The Hints to Speed Things Up

At a first glance an overview of the memory organization

  • Low memory: >2800++ but well below >3000 The main program
  • Low memory: >3000 - >3FFF The scroll routine with the screen buffer
  • 16 Bit memory: >8300 - >83FF The prime kernel, the display, the workspace, and some space for the interrupts
  • High memory: >A000 - >FFFF A table for the online calculated primes and in sequel the offset table

    To speed things up the time critical stuff is put in the 16 Bit area.

    The scroll routine
    All the VDP addresses are held in registers and the scroll code is completely unfold to yield no loop overhead. The scroll don't blank the last line because this line is overwritten with numbers of same or greater length.

    The number display
    The most used divider is held in a register. The number to display is pre divided in two parts, so standard display algorithms will work, yielding 655359999 as the maximal displayable number which is far away to be calculated. The number chars are redefined, so I need no add to justify the fraction of the number to display the right char. The row is divided in fixed columns to display four numbers in one row.

    The watchdog timer
    I don't use the VDP interrupt because it comes too often. Therefore I make use of the TMS 9901 timer and choose the maximal time delay which is ~0.35s. The interrupt routine was analyzed carefully to achieve the shortest possible break. The program will not respond on any key press or something else till one hour is over. The time limit is checked only on completed lines before a scroll and therefore no garbage is left in the last line caused by a unblanked line from the scroll before.
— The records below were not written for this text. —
(* Let $(\mathcal{C},\mathbb{E},\mathfrak{s})$ satisfy (ET1), (ET2) and (ET3). If $\mathbb{F}\subseteq\mathbb{E}$ is an additive subfunctor having enough injective morphisms, then $\mathrm{Ph}(\mathbb{F})={}^{\perp_{\mathbb{E}}}(\mathbb{F}\text{-}\mathrm{inj})$.
   Context: $\mathcal{C}$ additive, $\mathbb{E}:\mathcal{C}^{\mathrm{op}}\times\mathcal{C}\to\mathrm{Ab}$ biadditive (ET1); for $\delta\in\mathbb{E}(C,A)$, $a:A\to A'$, $c:C'\to C$ put $a_\star\delta=\mathbb{E}(C,a)(\delta)$, $c^\star\delta=\mathbb{E}(c,A)(\delta)$. (ET2): $\mathfrak{s}$ is an additive realization (Nakaoka–Palu): each $\delta\in\mathbb{E}(C,A)$ is assigned an equivalence class of sequences $A\xrightarrow{x}B\xrightarrow{y}C$ (up to isomorphism of middle terms), $0$ is realized by split sequences, realization respects direct sums, and if $a_\star\delta=c^\star\delta'$ there is $b$ making the realizing sequences commute. Realized pairs are $\mathbb{E}$-triangles $A\xrightarrow{x}B\xrightarrow{y}C\overset{\delta}{\dashrightarrow}$ ($x$ an $\mathbb{E}$-inflation); such commuting triples are morphisms of $\mathbb{E}$-triangles. (ET3): given $\mathbb{E}$-triangles $A\xrightarrow{x}B\to C\overset{\delta}{\dashrightarrow}$, $A'\xrightarrow{x'}B'\to C'\overset{\delta'}{\dashrightarrow}$ and $a,b$ with $bx=x'a$, there is $c$ with $(a,b,c)$ a morphism of $\mathbb{E}$-triangles. Additive subfunctor $\mathbb{F}$: subgroups $\mathbb{F}(C,A)\subseteq\mathbb{E}(C,A)$ stable under $a_\star,c^\star$; $\mathbb{F}$-triangles are $\mathbb{E}$-triangles with extension in $\mathbb{F}$. $\mathrm{Ph}(\mathbb{F})$: morphisms $\varphi:X\to C$ with $\varphi^\star\delta\in\mathbb{F}(X,A)$ for all $\delta\in\mathbb{E}(C,A)$. $\mathbb{F}\text{-}\mathrm{inj}$: morphisms $i:A\to Y$ with $i_\star\delta=0$ for all $\delta\in\mathbb{F}(C,A)$. For a class $\mathcal{M}$ of morphisms, ${}^{\perp_{\mathbb{E}}}\mathcal{M}$ is the class of $g:X\to C$ with $g^\star m_\star\delta=0$ for all $m\in\mathcal{M}$, $m:A\to Y$, and all $\delta\in\mathbb{E}(C,A)$. $\mathbb{F}$ has enough injective morphisms if for every $A$ there is an $\mathbb{F}$-triangle $A\xrightarrow{e}B\to C\overset{\delta}{\dashrightarrow}$ with $e\in\mathbb{F}\text{-}\mathrm{inj}$. *)

theory Defs
  imports "HOL-Algebra.Group"
begin

text \<open>
  Data of a triple (C, E, s): an additive category C (objects of type 'o,
  morphisms of type 'm, hom-sets hom X Y, composition cmp g f = g o f,
  identities, addition of morphisms and zero morphisms), a biadditive functor
  E : C^op x C -> Ab (groups ext C A with operation eadd C A and unit
  ezero C A; for c : C' -> C and a : A -> A', emap c a : E(C,A) -> E(C',A')),
  and a realization s, given as the relation real C A delta x y meaning that
  the sequence A --x--> B --y--> C belongs to the class s(delta).
\<close>

record ('o, 'm, 'e) ecat =
  ob    :: "'o set"
  hom   :: "'o \<Rightarrow> 'o \<Rightarrow> 'm set"
  cmp   :: "'m \<Rightarrow> 'm \<Rightarrow> 'm"
  idm   :: "'o \<Rightarrow> 'm"
  madd  :: "'m \<Rightarrow> 'm \<Rightarrow> 'm"
  mzero :: "'o \<Rightarrow> 'o \<Rightarrow> 'm"
  ext   :: "'o \<Rightarrow> 'o \<Rightarrow> 'e set"
  eadd  :: "'o \<Rightarrow> 'o \<Rightarrow> 'e \<Rightarrow> 'e \<Rightarrow> 'e"
  ezero :: "'o \<Rightarrow> 'o \<Rightarrow> 'e"
  emap  :: "'m \<Rightarrow> 'm \<Rightarrow> 'e \<Rightarrow> 'e"
  real  :: "'o \<Rightarrow> 'o \<Rightarrow> 'e \<Rightarrow> 'm \<Rightarrow> 'm \<Rightarrow> bool"

definition homgrp :: "('o,'m,'e) ecat \<Rightarrow> 'o \<Rightarrow> 'o \<Rightarrow> 'm monoid" where
  "homgrp T X Y = \<lparr>carrier = hom T X Y, mult = madd T, one = mzero T X Y\<rparr>"

definition extgrp :: "('o,'m,'e) ecat \<Rightarrow> 'o \<Rightarrow> 'o \<Rightarrow> 'e monoid" where
  "extgrp T C A = \<lparr>carrier = ext T C A, mult = eadd T C A, one = ezero T C A\<rparr>"

text \<open>a_* delta = E(C,a)(delta) for delta in E(C,A);  c^* delta = E(c,A)(delta).\<close>
definition push :: "('o,'m,'e) ecat \<Rightarrow> 'o \<Rightarrow> 'm \<Rightarrow> 'e \<Rightarrow> 'e" where
  "push T C a \<delta> = emap T (idm T C) a \<delta>"

definition pull :: "('o,'m,'e) ecat \<Rightarrow> 'o \<Rightarrow> 'm \<Rightarrow> 'e \<Rightarrow> 'e" where
  "pull T A c \<delta> = emap T c (idm T A) \<delta>"

definition is_category :: "('o,'m,'e) ecat \<Rightarrow> bool" where
  "is_category T \<longleftrightarrow>
     (\<forall>X\<in>ob T. \<forall>Y\<in>ob T. \<forall>X'\<in>ob T. \<forall>Y'\<in>ob T.
        hom T X Y \<inter> hom T X' Y' \<noteq> {} \<longrightarrow> X = X' \<and> Y = Y') \<and>
     (\<forall>X\<in>ob T. idm T X \<in> hom T X X) \<and>
     (\<forall>X\<in>ob T. \<forall>Y\<in>ob T. \<forall>f\<in>hom T X Y.
        cmp T f (idm T X) = f \<and> cmp T (idm T Y) f = f) \<and>
     (\<forall>X\<in>ob T. \<forall>Y\<in>ob T. \<forall>Z\<in>ob T. \<forall>f\<in>hom T X Y. \<forall>g\<in>hom T Y Z.
        cmp T g f \<in> hom T X Z) \<and>
     (\<forall>W\<in>ob T. \<forall>X\<in>ob T. \<forall>Y\<in>ob T. \<forall>Z\<in>ob T.
        \<forall>f\<in>hom T W X. \<forall>g\<in>hom T X Y. \<forall>h\<in>hom T Y Z.
        cmp T h (cmp T g f) = cmp T (cmp T h g) f)"

definition is_biproduct ::
  "('o,'m,'e) ecat \<Rightarrow> 'o \<Rightarrow> 'o \<Rightarrow> 'o \<Rightarrow> 'm \<Rightarrow> 'm \<Rightarrow> 'm \<Rightarrow> 'm \<Rightarrow> bool" where
  "is_biproduct T X Y S i1 i2 p1 p2 \<longleftrightarrow>
     S \<in> ob T \<and> i1 \<in> hom T X S \<and> i2 \<in> hom T Y S \<and> p1 \<in> hom T S X \<and> p2 \<in> hom T S Y \<and>
     cmp T p1 i1 = idm T X \<and> cmp T p2 i2 = idm T Y \<and>
     cmp T p1 i2 = mzero T Y X \<and> cmp T p2 i1 = mzero T X Y \<and>
     madd T (cmp T i1 p1) (cmp T i2 p2) = idm T S"

definition is_additive_category :: "('o,'m,'e) ecat \<Rightarrow> bool" where
  "is_additive_category T \<longleftrightarrow>
     is_category T \<and>
     (\<forall>X\<in>ob T. \<forall>Y\<in>ob T. comm_group (homgrp T X Y)) \<and>
     (\<forall>W\<in>ob T. \<forall>X\<in>ob T. \<forall>Y\<in>ob T. \<forall>f\<in>hom T W X. \<forall>g\<in>hom T X Y. \<forall>g'\<in>hom T X Y.
        cmp T (madd T g g') f = madd T (cmp T g f) (cmp T g' f)) \<and>
     (\<forall>X\<in>ob T. \<forall>Y\<in>ob T. \<forall>Z\<in>ob T. \<forall>f\<in>hom T X Y. \<forall>f'\<in>hom T X Y. \<forall>g\<in>hom T Y Z.
        cmp T g (madd T f f') = madd T (cmp T g f) (cmp T g f')) \<and>
     (\<exists>Z\<in>ob T. \<forall>X\<in>ob T. hom T X Z = {mzero T X Z} \<and> hom T Z X = {mzero T Z X}) \<and>
     (\<forall>X\<in>ob T. \<forall>Y\<in>ob T. \<exists>S i1 i2 p1 p2. is_biproduct T X Y S i1 i2 p1 p2)"

definition ET1 :: "('o,'m,'e) ecat \<Rightarrow> bool" where
  "ET1 T \<longleftrightarrow>
     (\<forall>C\<in>ob T. \<forall>A\<in>ob T. comm_group (extgrp T C A)) \<and>
     (\<forall>C\<in>ob T. \<forall>C'\<in>ob T. \<forall>A\<in>ob T. \<forall>A'\<in>ob T. \<forall>c\<in>hom T C' C. \<forall>a\<in>hom T A A'.
        (\<forall>\<delta>\<in>ext T C A. emap T c a \<delta> \<in> ext T C' A') \<and>
        (\<forall>\<delta>\<in>ext T C A. \<forall>\<delta>'\<in>ext T C A.
           emap T c a (eadd T C A \<delta> \<delta>') = eadd T C' A' (emap T c a \<delta>) (emap T c a \<delta>'))) \<and>
     (\<forall>C\<in>ob T. \<forall>A\<in>ob T. \<forall>\<delta>\<in>ext T C A. emap T (idm T C) (idm T A) \<delta> = \<delta>) \<and>
     (\<forall>C\<in>ob T. \<forall>C1\<in>ob T. \<forall>C2\<in>ob T. \<forall>A\<in>ob T. \<forall>A1\<in>ob T. \<forall>A2\<in>ob T.
        \<forall>c1\<in>hom T C1 C. \<forall>c2\<in>hom T C2 C1. \<forall>a1\<in>hom T A A1. \<forall>a2\<in>hom T A1 A2.
        \<forall>\<delta>\<in>ext T C A.
          emap T (cmp T c1 c2) (cmp T a2 a1) \<delta> = emap T c2 a2 (emap T c1 a1 \<delta>)) \<and>
     (\<forall>C\<in>ob T. \<forall>C'\<in>ob T. \<forall>A\<in>ob T. \<forall>A'\<in>ob T.
        \<forall>c\<in>hom T C' C. \<forall>c'\<in>hom T C' C. \<forall>a\<in>hom T A A'. \<forall>\<delta>\<in>ext T C A.
          emap T (madd T c c') a \<delta> = eadd T C' A' (emap T c a \<delta>) (emap T c' a \<delta>)) \<and>
     (\<forall>C\<in>ob T. \<forall>C'\<in>ob T. \<forall>A\<in>ob T. \<forall>A'\<in>ob T.
        \<forall>c\<in>hom T C' C. \<forall>a\<in>hom T A A'. \<forall>a'\<in>hom T A A'. \<forall>\<delta>\<in>ext T C A.
          emap T c (madd T a a') \<delta> = eadd T C' A' (emap T c a \<delta>) (emap T c a' \<delta>))"

definition is_iso :: "('o,'m,'e) ecat \<Rightarrow> 'o \<Rightarrow> 'o \<Rightarrow> 'm \<Rightarrow> bool" where
  "is_iso T B B' b \<longleftrightarrow> b \<in> hom T B B' \<and>
     (\<exists>b'\<in>hom T B' B. cmp T b' b = idm T B \<and> cmp T b b' = idm T B')"

definition is_seq :: "('o,'m,'e) ecat \<Rightarrow> 'o \<Rightarrow> 'o \<Rightarrow> 'm \<Rightarrow> 'm \<Rightarrow> bool" where
  "is_seq T A C x y \<longleftrightarrow> (\<exists>B\<in>ob T. x \<in> hom T A B \<and> y \<in> hom T B C)"

definition seq_equiv :: "('o,'m,'e) ecat \<Rightarrow> 'o \<Rightarrow> 'o \<Rightarrow> 'm \<Rightarrow> 'm \<Rightarrow> 'm \<Rightarrow> 'm \<Rightarrow> bool" where
  "seq_equiv T A C x y x' y' \<longleftrightarrow>
     (\<exists>B\<in>ob T. \<exists>B'\<in>ob T. x \<in> hom T A B \<and> y \<in> hom T B C \<and> x' \<in> hom T A B' \<and> y' \<in> hom T B' C \<and>
        (\<exists>b. is_iso T B B' b \<and> cmp T b x = x' \<and> cmp T y' b = y))"

definition ET2 :: "('o,'m,'e) ecat \<Rightarrow> bool" where
  "ET2 T \<longleftrightarrow>
     \<comment> \<open>each delta is assigned an equivalence class of sequences\<close>
     (\<forall>C\<in>ob T. \<forall>A\<in>ob T. \<forall>\<delta>\<in>ext T C A.
        (\<exists>x y. real T C A \<delta> x y) \<and>
        (\<forall>x y. real T C A \<delta> x y \<longrightarrow> is_seq T A C x y) \<and>
        (\<forall>x y x' y'. real T C A \<delta> x y \<longrightarrow>
            (real T C A \<delta> x' y' \<longleftrightarrow> seq_equiv T A C x y x' y'))) \<and>
     \<comment> \<open>realization condition on morphisms\<close>
     (\<forall>A\<in>ob T. \<forall>B\<in>ob T. \<forall>C\<in>ob T. \<forall>A'\<in>ob T. \<forall>B'\<in>ob T. \<forall>C'\<in>ob T.
        \<forall>\<delta>\<in>ext T C A. \<forall>\<delta>'\<in>ext T C' A'.
        \<forall>x\<in>hom T A B. \<forall>y\<in>hom T B C. \<forall>x'\<in>hom T A' B'. \<forall>y'\<in>hom T B' C'.
        \<forall>a\<in>hom T A A'. \<forall>c\<in>hom T C C'.
          real T C A \<delta> x y \<longrightarrow> real T C' A' \<delta>' x' y' \<longrightarrow>
          push T C a \<delta> = pull T A' c \<delta>' \<longrightarrow>
          (\<exists>b\<in>hom T B B'. cmp T b x = cmp T x' a \<and> cmp T y' b = cmp T c y)) \<and>
     \<comment> \<open>0 is realized by split sequences\<close>
     (\<forall>A\<in>ob T. \<forall>C\<in>ob T. \<forall>S i1 i2 p1 p2.
        is_biproduct T A C S i1 i2 p1 p2 \<longrightarrow> real T C A (ezero T C A) i1 p2) \<and>
     \<comment> \<open>realization respects direct sums\<close>
     (\<forall>A\<in>ob T. \<forall>B\<in>ob T. \<forall>C\<in>ob T. \<forall>A'\<in>ob T. \<forall>B'\<in>ob T. \<forall>C'\<in>ob T.
        \<forall>\<delta>\<in>ext T C A. \<forall>\<delta>'\<in>ext T C' A'.
        \<forall>x\<in>hom T A B. \<forall>y\<in>hom T B C. \<forall>x'\<in>hom T A' B'. \<forall>y'\<in>hom T B' C'.
        \<forall>SA ia1 ia2 pa1 pa2 SB ib1 ib2 pb1 pb2 SC ic1 ic2 pc1 pc2.
          is_biproduct T A A' SA ia1 ia2 pa1 pa2 \<longrightarrow>
          is_biproduct T B B' SB ib1 ib2 pb1 pb2 \<longrightarrow>
          is_biproduct T C C' SC ic1 ic2 pc1 pc2 \<longrightarrow>
          real T C A \<delta> x y \<longrightarrow> real T C' A' \<delta>' x' y' \<longrightarrow>
          real T SC SA
            (eadd T SC SA (emap T pc1 ia1 \<delta>) (emap T pc2 ia2 \<delta>'))
            (madd T (cmp T ib1 (cmp T x pa1)) (cmp T ib2 (cmp T x' pa2)))
            (madd T (cmp T ic1 (cmp T y pb1)) (cmp T ic2 (cmp T y' pb2))))"

definition ET3 :: "('o,'m,'e) ecat \<Rightarrow> bool" where
  "ET3 T \<longleftrightarrow>
     (\<forall>A\<in>ob T. \<forall>B\<in>ob T. \<forall>C\<in>ob T. \<forall>A'\<in>ob T. \<forall>B'\<in>ob T. \<forall>C'\<in>ob T.
        \<forall>\<delta>\<in>ext T C A. \<forall>\<delta>'\<in>ext T C' A'.
        \<forall>x\<in>hom T A B. \<forall>y\<in>hom T B C. \<forall>x'\<in>hom T A' B'. \<forall>y'\<in>hom T B' C'.
        \<forall>a\<in>hom T A A'. \<forall>b\<in>hom T B B'.
          real T C A \<delta> x y \<longrightarrow> real T C' A' \<delta>' x' y' \<longrightarrow>
          cmp T b x = cmp T x' a \<longrightarrow>
          (\<exists>c\<in>hom T C C'. cmp T c y = cmp T y' b \<and> push T C a \<delta> = pull T A' c \<delta>'))"

definition ET123 :: "('o,'m,'e) ecat \<Rightarrow> bool" where
  "ET123 T \<longleftrightarrow> is_additive_category T \<and> ET1 T \<and> ET2 T \<and> ET3 T"

definition additive_subfunctor ::
  "('o,'m,'e) ecat \<Rightarrow> ('o \<Rightarrow> 'o \<Rightarrow> 'e set) \<Rightarrow> bool" where
  "additive_subfunctor T F \<longleftrightarrow>
     (\<forall>C\<in>ob T. \<forall>A\<in>ob T. subgroup (F C A) (extgrp T C A)) \<and>
     (\<forall>C\<in>ob T. \<forall>A\<in>ob T. \<forall>A'\<in>ob T. \<forall>a\<in>hom T A A'. \<forall>\<delta>\<in>F C A. push T C a \<delta> \<in> F C A') \<and>
     (\<forall>C\<in>ob T. \<forall>C'\<in>ob T. \<forall>A\<in>ob T. \<forall>c\<in>hom T C' C. \<forall>\<delta>\<in>F C A. pull T A c \<delta> \<in> F C' A)"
    Calculating the primes
    The algorithm is split in two parts. The first part is responsible for the primes up to 65536, the second part is responsible for the primes over 65536 up to ~4000000000. In the first part the primes are additionally stored in a table, so I can use them later for calculating the higher values. This technique is called dynamic programming . To see if any natural number is dividable, it is sufficient to check if the divider reach the square root of the number. I do it the other way. I check if the squared divider is greater than the number. The second part make use of number theorie to check for a fraction in a 32 bit word. I therefore need only two DIV's to extract the fraction of the 32 bit number and I can therefore also see if a number is dividable. The following algorithm accelerator comes from number theorie too. It is possible to predict which numbers have potential to be prime or not. One well known fact is that only odd numbers can be prime. The mathematical stuff behind this common knowledge follows and is only used straightforward...

        A given number mk+a with m in N, k in No and 0 <  a <  m is *no* prime,
        if m and a is dividable by d >  1, except for k = 0 and a is a prime.
        (Harald Scheid 1994, Zahlentheorie)
        If m is dividable by d and a is dividable by d, so is mk+a. That should be
        clear. So a good idea is to build m and a with no common divisors, because
        otherwise the number mk+a is definitely no prime with the stated exception
        For instance we choose:
           m = 2, a = {1}                   This is   2k + 1, the increment by two.
           m = 2 x 3, a = {1,5}             This is   6k + a.
           m = 2 x 3 x 5, a = {1,7,11,13,17,19,23,29} ...
        I do it with m = 2 x 3 x 5 x 7 x 11 x 13. Thus occupying the available
        memory which is left. The achievable speed ups are:
           m = 2           -> 2/(2-1)                       = 2
           m = 2 x 3       -> 2/(2-1) x 3/(3-1)             = 3
           m = 2 x 3 x 5   -> 2/(2-1) x 3/(3-1) x 5/(5-1)   = 3.75
        BTW there is a trade off. This kind of technique is NP-Space complete. 
        The memory it uses is   mem = (2-1) x (3-1) x (5-1) x (7-1) x ...
    With these actions a lot of primes are generated. Possibly enough to win...

    © Dr. Henry Koplien